Yesterday’s readings spoke about how the popularity of David and the popularity of Jesus got them into trouble. It gained David the hatred of King Saul, and it gained Jesus so many followers that he could not move about freely. Today’s reading, staying with that, tells us how the desire to be great makes people foolish.
It was a great promotion for those twelve fishermen when Jesus chose them to be his Apostles. But, as the expression goes: it went to their heads. It found them talking heatedly as they followed Jesus through the countryside. And when Jesus asked them what they were discussing, they had to sheepishly admit that they were arguing about which of them was the greatest.
Jesus showed them the foolishness of that. He told them that whoever wished to be the greatest among them could only accomplish it by his becoming the least. He said, “He who exalts himself will be humbled. He who humbles himself will be exalted.

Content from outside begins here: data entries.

theorem proposition3:
  fixes \<mu> :: "(real^'n) measure"
    and S :: "'c measure"
    and g :: "real^'n \<Rightarrow> 'c"
    and f :: "real^'d \<Rightarrow> real^'n \<Rightarrow> real^'m"
    and Jf :: "real^'n \<Rightarrow> real^'d^'m"
    and t :: real
    and \<eta>0 :: "real^'d"
    and pY :: "real^'d \<Rightarrow> real^'m \<Rightarrow> real"
    and pYT :: "real^'d \<Rightarrow> 'c \<Rightarrow> real^'m \<Rightarrow> real"
  defines "M \<equiv> \<mu> \<Otimes>\<^sub>M gauss_vec t"
    and "T \<equiv> (\<lambda>\<omega>::(real^'n) \<times> (real^'m). g (fst \<omega>))"
    and "Y \<equiv> (\<lambda>\<eta> (\<omega>::(real^'n) \<times> (real^'m)). f \<eta> (fst \<omega>) + snd \<omega>)"
    and "\<nu> \<equiv> distr (\<mu> \<Otimes>\<^sub>M gauss_vec t) S (\<lambda>\<omega>::(real^'n) \<times> (real^'m). g (fst \<omega>))"
    and "L \<equiv> (\<lambda>\<eta> (\<omega>::(real^'n) \<times> (real^'m)).
            ln (pYT \<eta> (g (fst \<omega>)) (f \<eta> (fst \<omega>) + snd \<omega>))
          - ln (pY \<eta> (f \<eta> (fst \<omega>) + snd \<omega>)))"
    and "sY \<equiv> (\<lambda>y. grad (\<lambda>y'. ln (pY \<eta>0 y')) y)"
    and "sYT \<equiv> (\<lambda>\<tau> y. grad (\<lambda>y'. ln (pYT \<eta>0 \<tau> y')) y)"
  assumes prob_X: "prob_space \<mu>"
    and sets_X: "sets \<mu> = sets borel"
    and g_meas: "g \<in> borel \<rightarrow>\<^sub>M S"
    and f_meas: "\<And>\<eta>. f \<eta> \<in> borel_measurable borel"
    and t_pos: "t > 0"
    \<comment> \<open>p_{Y_t,eta} is the density of Y_t\<close>
    and pY_meas: "\<And>\<eta>. pY \<eta> \<in> borel_measurable borel"
    and pY_pos: "\<And>\<eta> y. pY \<eta> y > 0"
    and pY_dens: "\<And>\<eta>. distr M borel (Y \<eta>) = density lborel (\<lambda>y. ennreal (pY \<eta> y))"
    \<comment> \<open>p_{Y_t|T,eta} is the conditional density of Y_t given T
        (density of the law of (T,Y_t) w.r.t. (law of T) x Lebesgue),
        normalised to be a probability density for every tau\<close>
    and pYT_meas: "\<And>\<eta>. (\<lambda>(\<tau>, y). pYT \<eta> \<tau> y) \<in> borel_measurable (S \<Otimes>\<^sub>M borel)"
    and pYT_pos: "\<And>\<eta> \<tau> y. pYT \<eta> \<tau> y > 0"
    and pYT_norm: "\<And>\<eta> \<tau>. integrable lborel (pYT \<eta> \<tau>) \<and> (\<integral>y. pYT \<eta> \<tau> y \<partial>lborel) = 1"
    and pYT_dens: "\<And>\<eta>. distr M (S \<Otimes>\<^sub>M borel) (\<lambda>\<omega>. (T \<omega>, Y \<eta> \<omega>))
                        = density (\<nu> \<Otimes>\<^sub>M lborel) (\<lambda>(\<tau>, y). ennreal (pYT \<eta> \<tau> y))"
    \<comment> \<open>differentiability\<close>
    and f_diff: "\<And>x. ((\<lambda>\<eta>. f \<eta> x) has_derivative (\<lambda>h. Jf x *v h)) (at \<eta>0)"
    and pY_diff: "\<And>y. (\<lambda>p. pY (fst p) (snd p)) differentiable (at (\<eta>0, y))"
    and pYT_diff: "\<And>\<tau> y. (\<lambda>p. pYT (fst p) \<tau> (snd p)) differentiable (at (\<eta>0, y))"
    \<comment> \<open>exchange of differentiation in eta with expectation over (X, Z_t)\<close>
    and L_int: "\<And>\<eta>. integrable M (L \<eta>)"
    and dL_int: "integrable M (\<lambda>\<omega>. grad (\<lambda>\<eta>. L \<eta> \<omega>) \<eta>0)"
    and exch_E: "((\<lambda>\<eta>. \<integral>\<omega>. L \<eta> \<omega> \<partial>M) has_derivative
                   (\<lambda>h. (\<integral>\<omega>. grad (\<lambda>\<eta>. L \<eta> \<omega>) \<eta>0 \<partial>M) \<bullet> h)) (at \<eta>0)"
    and dpY_int: "integrable M (\<lambda>\<omega>. grad (\<lambda>\<eta>. ln (pY \<eta> (Y \<eta>0 \<omega>))) \<eta>0)"
    and dpYT_int: "integrable M (\<lambda>\<omega>. grad (\<lambda>\<eta>. ln (pYT \<eta> (T \<omega>) (Y \<eta>0 \<omega>))) \<eta>0)"
    \<comment> \<open>exchange of differentiation in eta with integration over y\<close>
    and exch_pY: "integrable lborel (\<lambda>y. grad (\<lambda>\<eta>. pY \<eta> y) \<eta>0) \<and>
                  ((\<lambda>\<eta>. \<integral>y. pY \<eta> y \<partial>lborel) has_derivative
                   (\<lambda>h. (\<integral>y. grad (\<lambda>\<eta>. pY \<eta> y) \<eta>0 \<partial>lborel) \<bullet> h)) (at \<eta>0)"
    and exch_pYT: "\<And>\<tau>. \<tau> \<in> space S \<Longrightarrow>
                  integrable lborel (\<lambda>y. grad (\<lambda>\<eta>. pYT \<eta> \<tau> y) \<eta>0) \<and>
                  ((\<lambda>\<eta>. \<integral>y. pYT \<eta> \<tau> y \<partial>lborel) has_derivative
                   (\<lambda>h. (\<integral>y. grad (\<lambda>\<eta>. pYT \<eta> \<tau> y) \<eta>0 \<partial>lborel) \<bullet> h)) (at \<eta>0)"
  shows "((\<lambda>\<eta>. prob_space.mutual_information M (exp 1) S borel T (Y \<eta>)) has_derivative
           (\<lambda>h. (\<integral>\<omega>. transpose (Jf (fst \<omega>)) *v (sYT (T \<omega>) (Y \<eta>0 \<omega>) - sY (Y \<eta>0 \<omega>)) \<partial>M) \<bullet> h))
         (at \<eta>0)"
proof -
  have "prob_space M"
    unfolding M_def using prob_X prob_space_gauss_vec[OF t_pos] by (rule prob_space_pair)
  then interpret prob_space M .
  have sets_M: "sets M = sets (borel \<Otimes>\<^sub>M (borel :: (real^'m) measure))"
    unfolding M_def by (rule sets_pair_measure_cong[OF sets_X]) (simp add: gauss_vec_def)
  have T_meas [measurable]: "T \<in> M \<rightarrow>\<^sub>M S"
    unfolding measurable_cong_sets[OF sets_M refl] T_def using g_meas by measurable
  have Y_meas [measurable]: "Y \<eta> \<in> M \<rightarrow>\<^sub>M borel" for \<eta>
    unfolding measurable_cong_sets[OF sets_M refl] Y_def using f_meas by measurable
  have \<nu>_eq: "\<nu> = distr M S T"
    unfolding \<nu>_def M_def T_def ..
  have PY: "distributed M lborel (Y \<eta>) (\<lambda>y. ennreal (pY \<eta> y))" for \<eta>
    using pY_dens measurable_compose[OF pY_meas measurable_ennreal]
    by (intro distributedI_cong_sets[OF _ Y_meas]) simp_all
  have PTY: "distributed M (\<nu> \<Otimes>\<^sub>M lborel) (\<lambda>\<omega>. (T \<omega>, Y \<eta> \<omega>)) (\<lambda>q. ennreal (pYT \<eta> (fst q) (snd q)))"
    for \<eta>
  proof (rule distributedI_cong_sets)
    show "sets (S \<Otimes>\<^sub>M borel) = sets (\<nu> \<Otimes>\<^sub>M (lborel :: (real^'m) measure))"
      by (rule sets_pair_measure_cong) (simp_all add: \<nu>_eq)
    show "(\<lambda>q. ennreal (pYT \<eta> (fst q) (snd q))) \<in> borel_measurable (S \<Otimes>\<^sub>M borel)"
      using pYT_meas[of \<eta>] by (simp add: split_beta')
  qed (use pYT_dens in \<open>simp_all add: split_beta'\<close>)
  have dpY: "(\<lambda>\<eta>. pY \<eta> y) differentiable (at \<eta>0)" for y
    using differentiable_at_Pair_left[OF pY_diff] by simp
  have dpYT: "(\<lambda>\<eta>. pYT \<eta> \<tau> y) differentiable (at \<eta>0)" for \<tau> y
    using differentiable_at_Pair_left[OF pYT_diff] by simp
  have MI: "mutual_information (exp 1) S borel T (Y \<eta>) = (\<integral>\<omega>. L \<eta> \<omega> \<partial>M)" for \<eta>
  proof -
    have "mutual_information (exp 1) S borel T (Y \<eta>) = mutual_information (exp 1) S lborel T (Y \<eta>)"
      by (rule mutual_information_cong_sets) simp_all
    with mutual_information_eq_integral_ln_conditional_density[OF lborel.sigma_finite_measure_axioms
        T_meas PY pY_pos PTY[unfolded \<nu>_eq] pYT_pos]
    show ?thesis
      by (simp add: L_def T_def Y_def)
  qed
  define score_Y where "score_Y \<omega> = grad (\<lambda>\<eta>. ln (pY \<eta> (Y \<eta>0 \<omega>))) \<eta>0" for \<omega>
  define score_T where "score_T \<omega> = grad (\<lambda>\<eta>. ln (pYT \<eta> (T \<omega>) (Y \<eta>0 \<omega>))) \<eta>0" for \<omega>
  define D where "D \<omega> = transpose (Jf (fst \<omega>)) *v (sYT (T \<omega>) (Y \<eta>0 \<omega>) - sY (Y \<eta>0 \<omega>))" for \<omega>
  have "(\<integral>\<omega>. score_Y \<omega> \<partial>M) = 0"
    unfolding score_Y_def using PY pY_pos dpY dpY_int exch_pY
    by (intro integral_score_eq_0[where p = pY and X = Y and N = lborel]) auto
  moreover have "(\<integral>\<omega>. score_T \<omega> \<partial>M) = 0"
  proof -
    have "sigma_finite_measure \<nu>"
      unfolding \<nu>_eq by (intro prob_space_imp_sigma_finite prob_space_distr T_meas)
    then show ?thesis
      unfolding score_T_def using sets_eq_imp_space_eq[of \<nu> S] pYT_pos dpYT dpYT_int pYT_norm exch_pYT
      by (intro integral_conditional_score_eq_0[where p = pYT and N = lborel,
            OF _ lborel.sigma_finite_measure_axioms PTY]) (auto simp: \<nu>_eq)
  qed
  moreover have grad_L: "grad (\<lambda>\<eta>. L \<eta> \<omega>) \<eta>0 = D \<omega> + score_T \<omega> - score_Y \<omega>" for \<omega>
  proof -
    obtain x z where \<omega>: "\<omega> = (x, z)"
      by fastforce
    have "((\<lambda>\<eta>. f \<eta> x + z) has_derivative (\<lambda>h. Jf x *v h)) (at \<eta>0)"
      using has_derivative_add[OF f_diff has_derivative_const] by simp
    then show ?thesis
      unfolding L_def D_def score_T_def score_Y_def sYT_def sY_def T_def Y_def \<omega> fst_conv snd_conv
      by (intro grad_ln_ratio_along[where p = pY and q = "\<lambda>\<eta> y. pYT \<eta> (g x) y"] pY_diff pYT_diff pY_pos pYT_pos)
  qed
  moreover have "integrable M score_T" "integrable M score_Y"
    using dpYT_int dpY_int unfolding score_T_def score_Y_def .
  moreover have "integrable M (\<lambda>\<omega>. grad (\<lambda>\<eta>. L \<eta> \<omega>) \<eta>0 - score_T \<omega> + score_Y \<omega>)"
    using dL_int calculation by (intro Bochner_Integration.integrable_add Bochner_Integration.integrable_diff)
  ultimately have "(\<integral>\<omega>. grad (\<lambda>\<eta>. L \<eta> \<omega>) \<eta>0 \<partial>M) = (\<integral>\<omega>. D \<omega> \<partial>M)"
    by (simp add: grad_L)
  then show ?thesis
    using exch_E by (simp add: MI D_def)
qed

Then, Saul’s desire to be greater than David drove him insane. He came to waste all of his time and efforts on killing his rival David. David was hiding out among the wild goat crags when Saul, wanting to relieve himself, ducked into the mouth of the very cave where David was hiding farther back. That gave David a chance to kill his pursuer, but he kept hidden until Saul had gone out and climbed to the far side of the ravine.
When David called across that canyon to him, Saul answered with the bewildered voice of a man whom jealousy had driven out if his mind. He sweetly called out, “Is that your voice, my son, David?”
Greatness is just a delusion. As Gray informed us,. “The paths of glory lead but to the grave.”